[SUPPLIED ENTRIES Boundary: Start]

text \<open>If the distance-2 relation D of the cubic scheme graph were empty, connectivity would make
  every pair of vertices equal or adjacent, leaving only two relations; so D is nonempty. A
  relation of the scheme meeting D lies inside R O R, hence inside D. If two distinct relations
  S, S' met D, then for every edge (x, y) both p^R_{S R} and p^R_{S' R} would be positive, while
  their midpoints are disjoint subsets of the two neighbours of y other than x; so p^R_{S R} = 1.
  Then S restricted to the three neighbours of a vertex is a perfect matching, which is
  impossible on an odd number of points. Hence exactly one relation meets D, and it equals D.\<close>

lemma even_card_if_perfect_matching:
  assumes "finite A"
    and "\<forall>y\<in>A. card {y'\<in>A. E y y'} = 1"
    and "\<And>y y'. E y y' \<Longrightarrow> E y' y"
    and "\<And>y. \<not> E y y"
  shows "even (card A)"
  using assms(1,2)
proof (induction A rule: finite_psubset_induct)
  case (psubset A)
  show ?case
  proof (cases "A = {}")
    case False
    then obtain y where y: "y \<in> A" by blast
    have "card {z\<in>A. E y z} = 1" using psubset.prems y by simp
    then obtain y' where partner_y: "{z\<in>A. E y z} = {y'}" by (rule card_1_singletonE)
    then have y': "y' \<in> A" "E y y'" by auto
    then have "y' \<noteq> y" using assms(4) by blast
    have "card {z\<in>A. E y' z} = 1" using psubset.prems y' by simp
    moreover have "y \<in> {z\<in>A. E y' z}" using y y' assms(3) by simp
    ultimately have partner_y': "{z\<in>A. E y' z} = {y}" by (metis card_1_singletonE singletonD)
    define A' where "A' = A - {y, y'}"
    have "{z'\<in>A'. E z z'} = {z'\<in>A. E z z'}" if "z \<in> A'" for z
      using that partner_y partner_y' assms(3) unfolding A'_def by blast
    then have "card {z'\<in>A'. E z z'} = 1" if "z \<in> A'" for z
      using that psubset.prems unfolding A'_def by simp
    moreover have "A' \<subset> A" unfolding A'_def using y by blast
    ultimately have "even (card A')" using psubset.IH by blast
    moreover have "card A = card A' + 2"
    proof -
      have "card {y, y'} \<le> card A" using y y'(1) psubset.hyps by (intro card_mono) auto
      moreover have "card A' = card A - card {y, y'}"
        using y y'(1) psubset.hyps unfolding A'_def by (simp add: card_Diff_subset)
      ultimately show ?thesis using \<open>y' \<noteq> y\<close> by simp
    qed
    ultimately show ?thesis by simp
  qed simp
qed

[SUPPLIED ENTRIES Boundary: End]

WHAT THE TASK REQUIRES: Return the material in full. Each line must match.

WRITTEN RESPONSE:
text \<open>If the distance-2 relation D of the cubic scheme graph were empty, connectivity would make
  every pair of vertices equal or adjacent, leaving only two relations; so D is nonempty. A
  relation of the scheme meeting D lies inside R O R, hence inside D. If two distinct relations
  S, S' met D, then for every edge (x, y) both p^R_{S R} and p^R_{S' R} would be positive, while
  their midpoints are disjoint subsets of the two neighbours of y other than x; so p^R_{S R} = 1.
  Then S restricted to the three neighbours of a vertex is a perfect matching, which is
  impossible on an odd number of points. Hence exactly one relation meets D, and it equals D.\<close>

lemma even_card_if_perfect_matching:
  assumes "finite A"
    and "\<forall>y\<in>A. card {y'\<in>A. E y y'} = 1"
    and "\<And>y y'. E y y' \<Longrightarrow> E y' y"
    and "\<And>y. \<not> E y y"
  shows "even (card A)"
  using assms(1,2)
proof (induction A rule: finite_psubset_induct)
  case (psubset A)
  show ?case
  proof (cases "A = {}")
    case False
    then obtain y where y: "y \<in> A" by blast
    have "card {z\<in>A. E y z} = 1" using psubset.prems y by simp
    then obtain y' where partner_y: "{z\<in>A. E y z} = {y'}" by (rule card_1_singletonE)
    then have y': "y' \<in> A" "E y y'" by auto
    then have "y' \<noteq> y" using assms(4) by blast
    have "card {z\<in>A. E y' z} = 1" using psubset.prems y' by simp
    moreover have "y \<in> {z\<in>A. E y' z}" using y y' assms(3) by simp
    ultimately have partner_y': "{z\<in>A. E y' z} = {y}" by (metis card_1_singletonE singletonD)
    define A' where "A' = A - {y, y'}"
    have "{z'\<in>A'. E z z'} = {z'\<in>A. E z z'}" if "z \<in> A'" for z
      using that partner_y partner_y' assms(3) unfolding A'_def by blast
    then have "card {z'\<in>A'. E z z'} = 1" if "z \<in> A'" for z
      using that psubset.prems unfolding A'_def by simp
    moreover have "A' \<subset> A" unfolding A'_def using y by blast
    ultimately have "even (card A')" using psubset.IH by blast
    moreover have "card A = card A' + 2"
    proof -
      have "card {y, y'} \<le> card A" using y y'(1) psubset.hyps by (intro card_mono) auto
      moreover have "card A' = card A - card {y, y'}"
        using y y'(1) psubset.hyps unfolding A'_def by (simp add: card_Diff_subset)
      ultimately show ?thesis using \<open>y' \<noteq> y\<close> by simp
    qed
    ultimately show ?thesis by simp
  qed simp
qed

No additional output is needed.